§ Task instructions
Restate verbatim the span of lines below between the line with "(if v < i then" and the line with "(b::nat). f t)", including those two lines, and only that span.

§ Data
+++

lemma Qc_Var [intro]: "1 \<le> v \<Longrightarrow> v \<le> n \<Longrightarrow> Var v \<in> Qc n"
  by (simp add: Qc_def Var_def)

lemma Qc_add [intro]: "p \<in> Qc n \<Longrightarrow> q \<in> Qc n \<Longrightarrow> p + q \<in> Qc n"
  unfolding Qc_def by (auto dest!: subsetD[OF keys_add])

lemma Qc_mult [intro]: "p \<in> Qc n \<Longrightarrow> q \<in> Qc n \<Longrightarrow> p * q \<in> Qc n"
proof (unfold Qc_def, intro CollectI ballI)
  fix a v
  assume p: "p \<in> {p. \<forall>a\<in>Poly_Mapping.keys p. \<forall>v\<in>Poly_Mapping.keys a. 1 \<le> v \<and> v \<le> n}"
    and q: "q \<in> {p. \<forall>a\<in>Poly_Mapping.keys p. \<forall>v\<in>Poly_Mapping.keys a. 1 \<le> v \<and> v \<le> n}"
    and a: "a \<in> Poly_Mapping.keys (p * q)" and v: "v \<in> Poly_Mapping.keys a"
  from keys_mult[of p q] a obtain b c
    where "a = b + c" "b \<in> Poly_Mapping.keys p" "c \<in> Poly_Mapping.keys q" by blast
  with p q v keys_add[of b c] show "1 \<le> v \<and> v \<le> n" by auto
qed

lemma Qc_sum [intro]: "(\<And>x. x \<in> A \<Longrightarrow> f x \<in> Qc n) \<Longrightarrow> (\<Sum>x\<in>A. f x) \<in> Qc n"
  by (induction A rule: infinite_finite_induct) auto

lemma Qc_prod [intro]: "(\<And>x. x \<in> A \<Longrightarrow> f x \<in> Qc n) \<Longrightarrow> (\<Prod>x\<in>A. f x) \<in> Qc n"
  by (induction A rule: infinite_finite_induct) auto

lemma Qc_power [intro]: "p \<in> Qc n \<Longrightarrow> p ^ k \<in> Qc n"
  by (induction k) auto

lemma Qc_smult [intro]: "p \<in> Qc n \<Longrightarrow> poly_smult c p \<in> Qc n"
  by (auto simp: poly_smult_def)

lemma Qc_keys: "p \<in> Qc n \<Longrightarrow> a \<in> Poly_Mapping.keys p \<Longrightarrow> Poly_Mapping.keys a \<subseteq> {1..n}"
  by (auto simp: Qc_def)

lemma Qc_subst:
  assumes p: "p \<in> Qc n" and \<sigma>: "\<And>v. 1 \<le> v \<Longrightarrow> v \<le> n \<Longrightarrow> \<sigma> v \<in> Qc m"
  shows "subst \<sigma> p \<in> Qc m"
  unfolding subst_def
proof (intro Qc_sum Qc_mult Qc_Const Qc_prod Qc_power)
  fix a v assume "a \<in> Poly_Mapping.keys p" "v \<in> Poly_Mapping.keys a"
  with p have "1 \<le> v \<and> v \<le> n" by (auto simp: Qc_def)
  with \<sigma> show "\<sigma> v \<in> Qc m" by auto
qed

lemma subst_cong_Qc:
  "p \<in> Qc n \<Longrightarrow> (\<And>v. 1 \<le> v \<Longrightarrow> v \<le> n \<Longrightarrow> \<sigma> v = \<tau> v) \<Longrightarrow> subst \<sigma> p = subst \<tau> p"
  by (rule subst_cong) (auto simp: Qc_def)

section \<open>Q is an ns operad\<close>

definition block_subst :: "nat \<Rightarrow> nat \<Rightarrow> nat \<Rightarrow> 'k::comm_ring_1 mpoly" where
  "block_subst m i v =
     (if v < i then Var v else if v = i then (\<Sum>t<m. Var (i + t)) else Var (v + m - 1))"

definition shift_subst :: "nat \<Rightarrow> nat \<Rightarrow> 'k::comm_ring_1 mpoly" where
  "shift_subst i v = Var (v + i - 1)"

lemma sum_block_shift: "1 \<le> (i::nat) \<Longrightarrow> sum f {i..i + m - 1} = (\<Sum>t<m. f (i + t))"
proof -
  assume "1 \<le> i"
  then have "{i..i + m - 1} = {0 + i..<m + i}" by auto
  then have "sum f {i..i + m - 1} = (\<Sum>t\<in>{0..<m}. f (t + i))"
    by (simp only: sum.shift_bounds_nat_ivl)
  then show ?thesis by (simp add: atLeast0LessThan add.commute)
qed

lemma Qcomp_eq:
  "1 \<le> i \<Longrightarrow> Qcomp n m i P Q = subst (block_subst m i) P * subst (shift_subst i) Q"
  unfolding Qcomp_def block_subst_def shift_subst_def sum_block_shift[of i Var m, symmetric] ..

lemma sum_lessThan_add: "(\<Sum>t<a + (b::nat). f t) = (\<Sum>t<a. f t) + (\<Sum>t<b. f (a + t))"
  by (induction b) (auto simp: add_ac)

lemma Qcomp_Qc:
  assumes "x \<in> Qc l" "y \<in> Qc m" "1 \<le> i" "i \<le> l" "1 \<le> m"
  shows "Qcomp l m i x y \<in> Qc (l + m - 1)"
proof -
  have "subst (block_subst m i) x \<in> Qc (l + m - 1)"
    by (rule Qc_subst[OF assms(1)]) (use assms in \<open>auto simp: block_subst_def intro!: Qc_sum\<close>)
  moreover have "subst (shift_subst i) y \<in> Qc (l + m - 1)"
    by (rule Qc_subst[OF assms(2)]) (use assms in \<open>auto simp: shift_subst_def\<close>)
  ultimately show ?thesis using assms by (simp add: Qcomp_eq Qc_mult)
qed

+++

§ Completed task
     (if v < i then Var v else if v = i then (\<Sum>t<m. Var (i + t)) else Var (v + m - 1))"

definition shift_subst :: "nat \<Rightarrow> nat \<Rightarrow> 'k::comm_ring_1 mpoly" where
  "shift_subst i v = Var (v + i - 1)"

lemma sum_block_shift: "1 \<le> (i::nat) \<Longrightarrow> sum f {i..i + m - 1} = (\<Sum>t<m. f (i + t))"
proof -
  assume "1 \<le> i"
  then have "{i..i + m - 1} = {0 + i..<m + i}" by auto
  then have "sum f {i..i + m - 1} = (\<Sum>t\<in>{0..<m}. f (t + i))"
    by (simp only: sum.shift_bounds_nat_ivl)
  then show ?thesis by (simp add: atLeast0LessThan add.commute)
qed

lemma Qcomp_eq:
  "1 \<le> i \<Longrightarrow> Qcomp n m i P Q = subst (block_subst m i) P * subst (shift_subst i) Q"
  unfolding Qcomp_def block_subst_def shift_subst_def sum_block_shift[of i Var m, symmetric] ..

lemma sum_lessThan_add: "(\<Sum>t<a + (b::nat). f t) = (\<Sum>t<a. f t) + (\<Sum>t<b. f (a + t))"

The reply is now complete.